WORK TO COMPLETE: Copy, exactly and without additions, every line in the records below from the one holding "define e1 where" through the one holding "using l by (cases", both ends included.

Collection entries:
lemma twisted_chen_GF2:
  assumes "rational_path E1 r s p d" and GF2: "\<And>x::'k::field. x = 0 \<or> x = 1"
  shows "twisted_chen E1 r s p d (coord_space 2) (companion3 :: (nat \<Rightarrow> 'k) \<Rightarrow> nat \<Rightarrow> 'k)
    (\<lambda>l. companion3 (companion3 l))"
proof (rule twisted_chen.intro[OF assms(1)], unfold_locales)
  fix U and x :: "nat \<Rightarrow> 'k"
  assume U: "subspace U" "U \<subseteq> coord_space 2" "\<forall>x\<in>U. companion3 x \<in> U" and x: "x \<in> U" "x \<noteq> 0"
  define e0 :: "nat \<Rightarrow> 'k" where "e0 = (\<lambda>j. if j = 0 then 1 else 0)"
  define e1 where "e1 = companion3 e0"
  have "e0 \<in> {x, companion3 x, companion3 (companion3 x)}"
    unfolding e0_def using x U(2) by (intro companion3_orbit[OF GF2]) auto
  then have "e0 \<in> U" using x(1) U(3) by blast
  then have "e1 \<in> U" using U(3) by (simp add: e1_def)
  show "coord_space 2 \<subseteq> U"
  proof
    fix l :: "nat \<Rightarrow> 'k" assume l: "l \<in> coord_space 2"
    have add: "\<And>x y. x \<in> U \<Longrightarrow> y \<in> U \<Longrightarrow> (\<lambda>i. x i + y i) \<in> U"
      and smult: "\<And>c x. x \<in> U \<Longrightarrow> (\<lambda>i. c * x i) \<in> U"
      using U(1) by (simp_all add: subspace_def)
    have "(\<lambda>i. l 0 * e0 i + l 1 * e1 i) \<in> U"
      using add[OF smult[OF \<open>e0 \<in> U\<close>] smult[OF \<open>e1 \<in> U\<close>]] by simp
    moreover have "(\<lambda>i. l 0 * e0 i + l 1 * e1 i) = l"
    proof
      fix i show "l 0 * e0 i + l 1 * e1 i = l i"
        using l by (cases "i = 0"; cases "i = 1") (auto simp: e0_def e1_def companion3_def coord_space_def)
    qed
    ultimately show "l \<in> U" by simp
  qed
qed (simp_all add: subspace_def lin_on_def coord_space_def companion3_def fun_eq_iff algebra_simps
    GF2_add_self[OF GF2, of 1, unfolded one_add_one])

lemma exists_fixed_point_free_twisted_chen:
  assumes "rational_path E1 r s p d"
  obtains L and X Xi :: "(nat \<Rightarrow> 'k::field) \<Rightarrow> nat \<Rightarrow> 'k" and l
  where "twisted_chen E1 r s p d L X Xi" "l \<in> L" "l \<noteq> 0" "\<And>l. l \<in> L \<Longrightarrow> X l = l \<Longrightarrow> l = 0"
proof -
  define e0 :: "nat \<Rightarrow> 'k" where "e0 = (\<lambda>j. if j = 0 then 1 else 0)"
  have "e0 \<noteq> 0" by (simp add: e0_def fun_eq_iff exI[of _ 0])
  show ?thesis
  proof (cases "\<exists>a::'k. a \<noteq> 0 \<and> a \<noteq> 1")
    case True
    then obtain a :: 'k where a: "a \<noteq> 0" "a \<noteq> 1" by blast
    have "l = 0" if "(\<lambda>i. a * l i) = l" for l :: "nat \<Rightarrow> 'k"
    proof
      fix i
      have "(a - 1) * l i = 0" using fun_cong[OF that, of i] by (simp add: algebra_simps)
      then show "l i = 0 i" using a(2) by simp
    qed
    moreover have "e0 \<in> coord_space 1" by (simp add: e0_def coord_space_def)
    ultimately show ?thesis using that[OF twisted_chen_scalar[OF assms a(1)]] \<open>e0 \<noteq> 0\<close> by blast
  next
    case False
    then have GF2: "\<And>x::'k. x = 0 \<or> x = 1" by blast
    have "l = 0" if "l \<in> coord_space 2" "companion3 l = l" for l :: "nat \<Rightarrow> 'k"
    proof -
      have "l 1 = l 0" "l 0 + l 1 = l 1" using fun_cong[OF that(2), of 0] fun_cong[OF that(2), of 1]
        by (simp_all add: companion3_def)
      then have "l 0 = 0" "l 1 = 0" by (simp_all only: add_cancel_left_left)
      then have "l j = 0" for j using that(1) by (cases "j = 0"; cases "j = 1") (auto simp: coord_space_def)
      then show "l = 0" by (simp add: fun_eq_iff)
    qed
    moreover have "e0 \<in> coord_space 2" by (simp add: e0_def coord_space_def)
    ultimately show ?thesis using that[OF twisted_chen_GF2[OF assms GF2]] \<open>e0 \<noteq> 0\<close> by blast
  qed
qed

theorem lemma4p5:
  fixes E0 :: "'a set" and E1 :: "'b set" and r s :: "'b \<Rightarrow> 'a"
  assumes "graph E0 E1 r s"
    and "\<forall>(V1 :: ('a,'b,'k::field) space set) P1 S1 St1 V2 P2 S2 St2.
           irreducible_rep E0 E1 r s V1 P1 S1 St1 \<and> irreducible_rep E0 E1 r s V2 P2 S2 St2
           \<longrightarrow> alg_equiv E0 E1 V1 P1 S1 St1 V2 P2 S2 St2"
  shows "\<not> has_cycle E1 r s"
proof
  assume "has_cycle E1 r s"
  then obtain c where "is_cycle E1 r s c" by (auto simp: has_cycle_def)
  then obtain d where path: "rational_path E1 r s (cycle c) d" using cycle_rational_path by blast
  define e0 :: "nat \<Rightarrow> 'k" where "e0 = (\<lambda>j. if j = 0 then 1 else 0)"
  have e0: "e0 \<in> coord_space 1" "e0 \<noteq> 0" by (auto simp: e0_def coord_space_def fun_eq_iff)
  interpret A: twisted_chen E1 r s "cycle c" d "coord_space 1" "\<lambda>l i. (1 :: 'k) * l i" "\<lambda>l i. inverse 1 * l i"
    using twisted_chen_scalar[OF path one_neq_zero] .
  obtain L and X Xi :: "(nat \<Rightarrow> 'k) \<Rightarrow> nat \<Rightarrow> 'k" and l
    where B: "twisted_chen E1 r s (cycle c) d L X Xi" "l \<in> L" "l \<noteq> 0" "\<And>l. l \<in> L \<Longrightarrow> X l = l \<Longrightarrow> l = 0"
    using exists_fixed_point_free_twisted_chen[OF path] by blast
  interpret B: twisted_chen E1 r s "cycle c" d L X Xi by (fact B(1))
  have equiv: "alg_equiv E0 E1 A.V A.P A.S A.St B.V B.P B.S B.St"
    using assms(2) A.irreducible_rep_chen[OF e0] B.irreducible_rep_chen[OF B(2,3)] by blast
  have "\<exists>x\<in>A.V. x \<noteq> (\<lambda>i. 0) \<and> foldr A.S (stake d (cycle c)) x = x"
    using A.fixed_vector[OF e0] by simp
  then obtain y where "y \<in> B.V" "y \<noteq> (\<lambda>i. 0)" "foldr B.S (stake d (cycle c)) y = y"
    using alg_equiv_fixed_point[OF equiv A.LPA_rep_chen A.set_stake_p] by blast
  then show False using B.no_fixed_vector[OF B(4)] by blast
qed

end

OUTPUT FOR THIS EXERCISE:
  define e1 where "e1 = companion3 e0"
  have "e0 \<in> {x, companion3 x, companion3 (companion3 x)}"
    unfolding e0_def using x U(2) by (intro companion3_orbit[OF GF2]) auto
  then have "e0 \<in> U" using x(1) U(3) by blast
  then have "e1 \<in> U" using U(3) by (simp add: e1_def)
  show "coord_space 2 \<subseteq> U"
  proof
    fix l :: "nat \<Rightarrow> 'k" assume l: "l \<in> coord_space 2"
    have add: "\<And>x y. x \<in> U \<Longrightarrow> y \<in> U \<Longrightarrow> (\<lambda>i. x i + y i) \<in> U"
      and smult: "\<And>c x. x \<in> U \<Longrightarrow> (\<lambda>i. c * x i) \<in> U"
      using U(1) by (simp_all add: subspace_def)
    have "(\<lambda>i. l 0 * e0 i + l 1 * e1 i) \<in> U"
      using add[OF smult[OF \<open>e0 \<in> U\<close>] smult[OF \<open>e1 \<in> U\<close>]] by simp
    moreover have "(\<lambda>i. l 0 * e0 i + l 1 * e1 i) = l"
    proof
      fix i show "l 0 * e0 i + l 1 * e1 i = l i"
        using l by (cases "i = 0"; cases "i = 1") (auto simp: e0_def e1_def companion3_def coord_space_def)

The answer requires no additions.